Преступление в Орсивале | страница 61
— А что с мадемуазель Лоранс?… — дрожащим голосом спросил судья.
Батист приосанился и закатил глаза.
— Ох, не надо об этом, господа! — простонал он. — Не надрывайте душу!
Не слушая его больше, мировой судья и доктор поспешно пошли к дому.
Лекок последовал за ними. Свой саквояж он сунул Батисту со словами: «Отнеси-ка это домой к судье, да пошевеливайся», отчего слуга, которого никогда не бранят, задрожал и припустил во весь дух.
Когда в доме беда, ее роковые приметы бросаются в глаза с порога. Во всяком случае, так всегда кажется тем, кто заранее предупрежден о случившемся.
Когда папаша Планта и врач пересекли двор, им почудилось, будто в этом еще вчера гостеприимном, веселом, оживленном доме появилось нечто зловещее.
В окнах верхнего этажа мелькали огни. Домочадцы суетились вокруг Люсиль, младшей дочери г-на Куртуа, — у нее была истерика.
В вестибюле на нижней ступеньке лестницы сидела девочка лет пятнадцати, горничная Лоранс. Она плакала навзрыд, по-деревенски закрыв лицо передником.

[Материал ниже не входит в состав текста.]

text \<open>Write \<open>k = \<surd>(1 - \<lambda>)\<close> and \<open>h\<close> for the \<open>sech\<^sup>2\<close> potential. For the Jost solution \<open>v(\<cdot>; \<lambda>)\<close>,
  the factor \<open>u = e\<^sup>k\<^sup>x v\<close> satisfies the Volterra equation
  \<open>u(x) - 1 = -\<integral>\<^sub>x\<^sup>\<infinity> e\<^sup>2\<^sup>k\<^sup>(\<^sup>x\<^sup>-\<^sup>t\<^sup>) \<integral>\<^sub>t\<^sup>\<infinity> h u\<close>, and Gronwall's inequality bounds \<open>u\<close>, and the
  difference of two such factors, uniformly in \<open>x\<close>. Hence \<open>v\<close> and \<open>v'\<close> depend continuously
  on \<open>\<lambda>\<close>, uniformly on half-lines, with a uniform exponential decay bound. Near a simple zero
  \<open>x\<^sub>1\<close> of \<open>v(\<cdot>; \<lambda>\<^sub>1)\<close>, \<open>v'\<close> keeps its sign on a box around \<open>(\<lambda>\<^sub>1, x\<^sub>1)\<close>, so each \<open>v(\<cdot>; \<lambda>)\<close> has exactly
  one zero \<open>x\<^sub>0(\<lambda>)\<close> there. The Wronskian identity
  \<open>v\<^sub>\<mu> v\<^sub>\<lambda>' - v\<^sub>\<mu>' v\<^sub>\<lambda> = (\<lambda> - \<mu>) \<integral>\<^sub>x\<^sup>\<infinity> v\<^sub>\<mu> v\<^sub>\<lambda>\<close>, evaluated at \<open>x\<^sub>0(\<mu>)\<close>, yields
  \<open>x\<^sub>0'(\<lambda>) = \<integral>\<^sub>x\<^sub>0\<^sup>\<infinity> v\<^sup>2 / v'(x\<^sub>0)\<^sup>2 > 0\<close>, which is continuous in \<open>\<lambda>\<close>.\<close>

section \<open>Tail integrals of exponentially decaying functions\<close>

lemma mono_bounded_tendsto_at_top:
  fixes f :: "real \<Rightarrow> real"
  assumes mono: "\<And>x y. a \<le> x \<Longrightarrow> x \<le> y \<Longrightarrow> f x \<le> f y"
    and bounded: "\<And>x. a \<le> x \<Longrightarrow> f x \<le> B"
  shows "\<exists>L. (f \<longlongrightarrow> L) at_top"
proof -
  define L where "L = Sup (f ` {a..})"
  have bdd: "bdd_above (f ` {a..})" using bounded by (auto intro!: bdd_aboveI)
  have upper: "f x \<le> L" if "a \<le> x" for x unfolding L_def using bdd that by (auto intro!: cSUP_upper)
  have "(f \<longlongrightarrow> L) at_top"
  proof (rule order_tendstoI)
    fix y assume "y < L"
    then obtain x0 where "x0 \<ge> a" "y < f x0"
      unfolding L_def using less_cSUP_iff[OF _ bdd] by auto
    then show "\<forall>\<^sub>F x in at_top. y < f x"
      unfolding eventually_at_top_linorder by (intro exI[of _ x0]) (use mono in fastforce)
  next
    fix y assume "L < y"
    then show "\<forall>\<^sub>F x in at_top. f x < y"
      unfolding eventually_at_top_linorder by (intro exI[of _ a]) (use upper in fastforce)
  qed
  then show ?thesis by blast
qed

lemma tendsto_exp_neg_mult_at_top:
  fixes \<kappa> :: real
  assumes "\<kappa> > 0"
  shows "((\<lambda>x. exp (-\<kappa>*x)) \<longlongrightarrow> 0) at_top"
proof -
  have "LIM x at_top. \<kappa> * x :> at_top"
    by (rule filterlim_tendsto_pos_mult_at_top[OF tendsto_const assms filterlim_ident])
  then have "LIM x at_top. - (\<kappa> * x) :> at_bot" by (simp add: filterlim_uminus_at_bot)
  then show ?thesis by (simp add: filterlim_compose[OF exp_at_bot])
qed

lemma integral_exp_neg_mult:
  fixes \<kappa> x R :: real
  assumes "\<kappa> > 0" "x \<le> R"
  shows "integral {x..R} (\<lambda>t. exp (-\<kappa>*t)) = (exp (-\<kappa>*x) - exp (-\<kappa>*R)) / \<kappa>"
proof -
  have "((\<lambda>t. exp (-\<kappa>*t)) has_integral ((- exp (-\<kappa>*R)/\<kappa>) - (- exp (-\<kappa>*x)/\<kappa>))) {x..R}"
    by (rule fundamental_theorem_of_calculus[OF assms(2)])
       (use assms(1) in \<open>auto intro!: derivative_eq_intros
          simp flip: has_real_derivative_iff_has_vector_derivative simp: field_simps\<close>)
  then show ?thesis by (simp add: integral_unique diff_divide_distrib)
qed

lemma continuous_on_UNIV_integrable_on_interval:
  fixes g :: "real \<Rightarrow> real"
  shows "continuous_on UNIV g \<Longrightarrow> g integrable_on {x..R}"
  by (rule integrable_continuous_interval, erule continuous_on_subset, simp)

definition exp_decay :: "(real \<Rightarrow> real) \<Rightarrow> real \<Rightarrow> bool" where
  "exp_decay g a \<longleftrightarrow>
     continuous_on UNIV g \<and> (\<exists>B \<kappa>. \<kappa> > 0 \<and> (\<forall>t\<ge>a. \<bar>g t\<bar> \<le> B * exp (-\<kappa>*t)))"

text \<open>\<open>\<integral>\<^sub>x\<^sup>\<infinity> g\<close>; a junk value unless the integrals over \<open>[x, R]\<close> converge, as they do for \<open>exp_decay g a\<close>.\<close>
definition tail_integral :: "(real \<Rightarrow> real) \<Rightarrow> real \<Rightarrow> real" where
  "tail_integral g x = Lim at_top (\<lambda>R. integral {x..R} g)"

lemma exp_decayI:
  "continuous_on UNIV g \<Longrightarrow> \<kappa> > 0 \<Longrightarrow> (\<And>t. t \<ge> a \<Longrightarrow> \<bar>g t\<bar> \<le> B * exp (-\<kappa>*t)) \<Longrightarrow> exp_decay g a"
  unfolding exp_decay_def by blast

Здесь же в растерянности застыли несколько слуг, не понимающих, что делать, куда деваться.
Дверь в гостиную, скудно освещенную двумя свечами, была распахнута настежь. В большом кресле у камина полулежала г-жа Куртуа. В глубине комнаты, перед окнами, выходящими в сад, на кушетке был распростерт г-н Куртуа.
С него сняли сюртук и в спешке, когда, спасая ему жизнь, отворяли кровь, разрезали рукава сорочки и фланелевой фуфайки. На его обнаженных руках белели повязки, какие накладывают после кровопускания.
У дверей со смущенным видом стоял невысокий человечек, одетый, как зажиточный ремесленник из парижского предместья. Это был костоправ Робло, которому велели остаться на случай нового приступа.
Появление папаши Планта вывело г-на Куртуа из горестного забытья, в которое он был погружен.
Он встал, пошатываясь, подошел обнять старика судью и бессильно припал к нему на грудь.
— Ах, друг мой, как я несчастен, как несчастен! — повторял он душераздирающим голосом.
Беднягу мэра было не узнать — так он переменился. Еще недавно это был счастливец с улыбчивым лицом и самоуверенным взором, чей облик, словно бросая вызов всему свету, неоспоримо свидетельствовал о важности и благополучии. За несколько часов он постарел лет на двадцать.
Он был сломлен, раздавлен, и мысль его беспомощно блуждала в темном лабиринте скорби. Без конца он твердил одно и то же бессмысленное слово:
— О я несчастный! Несчастный!
Поддержать его в этих приступах отчаяния мог, пожалуй, только мировой судья, сам испытавший в жизни много горя.